- **Problem requirements**:
Find the string "else" in the listing below and return each line it appears in.

--------------------

(* Let $n$ be a positive integer and let $d\in\Delta(n)$. Write $d=(d_1,\dots,d_L)$ with $d_L>0$ the last nonzero entry, and let $q=\max_k d_k$, so that $d=(1,2,\dots,q,d_{q+1},\dots,d_L)$ with $d_{q+1}\le q$. Set $b_i=d_i-d_{i+1}$ for $q\le i<L$ and $b_L=d_L$. Then the number of partitions $\alpha\in\mathcal{P}(n)$ with $\delta(\alpha)=d$ is \[\big|\,[\,d\,]\,\big|=\prod_{i=q}^{L-1}\binom{b_i+b_{i+1}+1}{b_i+1},\] where an empty product equals $1$.
   Context: A partition of a positive integer $n$ is a finite non-increasing sequence $\alpha=(\alpha_1,\dots,\alpha_l)$ of positive integers with $\sum_i\alpha_i=n$; $\mathcal{P}(n)$ denotes the set of partitions of $n$, and we set $\alpha_i=0$ for $i>l$. The diagonal sequence of $\alpha$ is $\delta(\alpha)=(d_k)_{k\ge1}$ with $d_k=\big|\{i : 1\le i\le k,\ \alpha_i+i-1\ge k\}\big|$; only finitely many $d_k$ are nonzero and trailing zeros are omitted. $\Delta(n)=\{\delta(\alpha):\alpha\in\mathcal{P}(n)\}$, and for $d\in\Delta(n)$, $[\,d\,]=\{\alpha\in\mathcal{P}(n):\delta(\alpha)=d\}$. *)

theory Defs
  imports Main
begin

definition is_partition :: "nat \<Rightarrow> nat list \<Rightarrow> bool" where
  "is_partition n a \<longleftrightarrow> sorted_wrt (\<ge>) a \<and> (\<forall>x\<in>set a. 0 < x) \<and> sum_list a = n"

definition partitions :: "nat \<Rightarrow> nat list set" where
  "partitions n = {a. is_partition n a}"

definition part_entry :: "nat list \<Rightarrow> nat \<Rightarrow> nat" where
  "part_entry a i = (if 1 \<le> i \<and> i \<le> length a then a ! (i - 1) else 0)"

text \<open>Diagonal sequence, as a function k \<mapsto> d_k (k \<ge> 1); the value at 0 is set to 0.
  Trailing zeros are irrelevant in this representation.\<close>
definition delta :: "nat list \<Rightarrow> nat \<Rightarrow> nat" where
  "delta a k = (if k = 0 then 0
     else card {i. 1 \<le> i \<and> i \<le> k \<and> part_entry a i + i - 1 \<ge> k})"

definition Delta :: "nat \<Rightarrow> (nat \<Rightarrow> nat) set" where
  "Delta n = delta ` partitions n"

definition diag_class :: "nat \<Rightarrow> (nat \<Rightarrow> nat) \<Rightarrow> nat list set" where
  "diag_class n d = {a \<in> partitions n. delta a = d}"

end
(* Let an explicit non-confluent Runge--Kutta method $(A,b)$ with step-size coefficient $\gamma(A,b)$ be given. Then the time-step restriction $$0\le\Delta t\,\frac{q_k(u,t)}{\Delta x}\le\gamma(A,b)\quad\text{for all }k,u,t$$ is sharp: it guarantees nonnegativity of the numerical solution for every problem of the form $u_k'=q_k(u,t)(u_{k-1}-u_k)/\Delta x$ ($k=1,\dots,N$, $u_0:=u_N$) with nonnegative initial data and nonnegative $q_k$, and for every $\tilde\gamma>\gamma(A,b)$ the restriction $0\le\Delta t\,q_k(u,t)/\Delta x\le\tilde\gamma$ does not guarantee nonnegativity of the numerical solution for all such problems.
   Context: An $m$-stage explicit Runge--Kutta method is given by strictly lower-triangular $A=(a_{ij})\in\mathbb{R}^{m\times m}$ and $b\in\mathbb{R}^m$, nodes $c_i=\sum_ja_{ij}$; non-confluent means the $c_i$ are pairwise distinct. Applied to the ODE system with step $\Delta t$: $y^i_k=u^n_k+\sum_{j<i}a_{ij}\xi^j_k(y^j_{k-1}-y^j_k)$, $u^{n+1}_k=u^n_k+\sum_ib_i\xi^i_k(y^i_{k-1}-y^i_k)$, $\xi^j_k=\frac{\Delta t}{\Delta x}q_k(y^j,t_n+c_j\Delta t)$, periodic indices. Treating the $\xi^j_\ell$ as independent variables on the grid $\ell\in\mathbb{Z}$, $u^{n+1}_k=\sum_{i=0}^mP_i(\xi)u^n_{k-i}$ for polynomials $P_i$ (independent of $k$) in the $m(m+1)/2$ variables $\xi^j_\ell$, $1\le j\le m$, $k-(m-j)\le\ell\le k$. The step-size coefficient is $\gamma(A,b)=\sup\{\delta\ge0:P_i(\xi)\ge0\ \forall i,\ \forall\xi\in[0,\delta]^{m(m+1)/2}\}$ (or $0$ if empty). *)

theory Defs
  imports Complex_Main "HOL-Library.Extended_Real"
begin

text \<open>An m-stage explicit Runge-Kutta method: stages are numbered 1..m,
  A :: nat => nat => real gives a_ij, b :: nat => real gives b_i.\<close>

definition rk_node :: "nat \<Rightarrow> (nat \<Rightarrow> nat \<Rightarrow> real) \<Rightarrow> nat \<Rightarrow> real" where
  "rk_node m A i = (\<Sum>j\<in>{1..m}. A i j)"

definition explicit_rk :: "nat \<Rightarrow> (nat \<Rightarrow> nat \<Rightarrow> real) \<Rightarrow> bool" where
  "explicit_rk m A \<longleftrightarrow> (\<forall>i\<in>{1..m}. \<forall>j\<in>{1..m}. i \<le> j \<longrightarrow> A i j = 0)"

definition non_confluent :: "nat \<Rightarrow> (nat \<Rightarrow> nat \<Rightarrow> real) \<Rightarrow> bool" where
  "non_confluent m A \<longleftrightarrow> inj_on (rk_node m A) {1..m}"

--------------------

- **Answer**:
  "part_entry a i = (if 1 \<le> i \<and> i \<le> length a then a ! (i - 1) else 0)"
     else card {i. 1 \<le> i \<and> i \<le> k \<and> part_entry a i + i - 1 \<ge> k})"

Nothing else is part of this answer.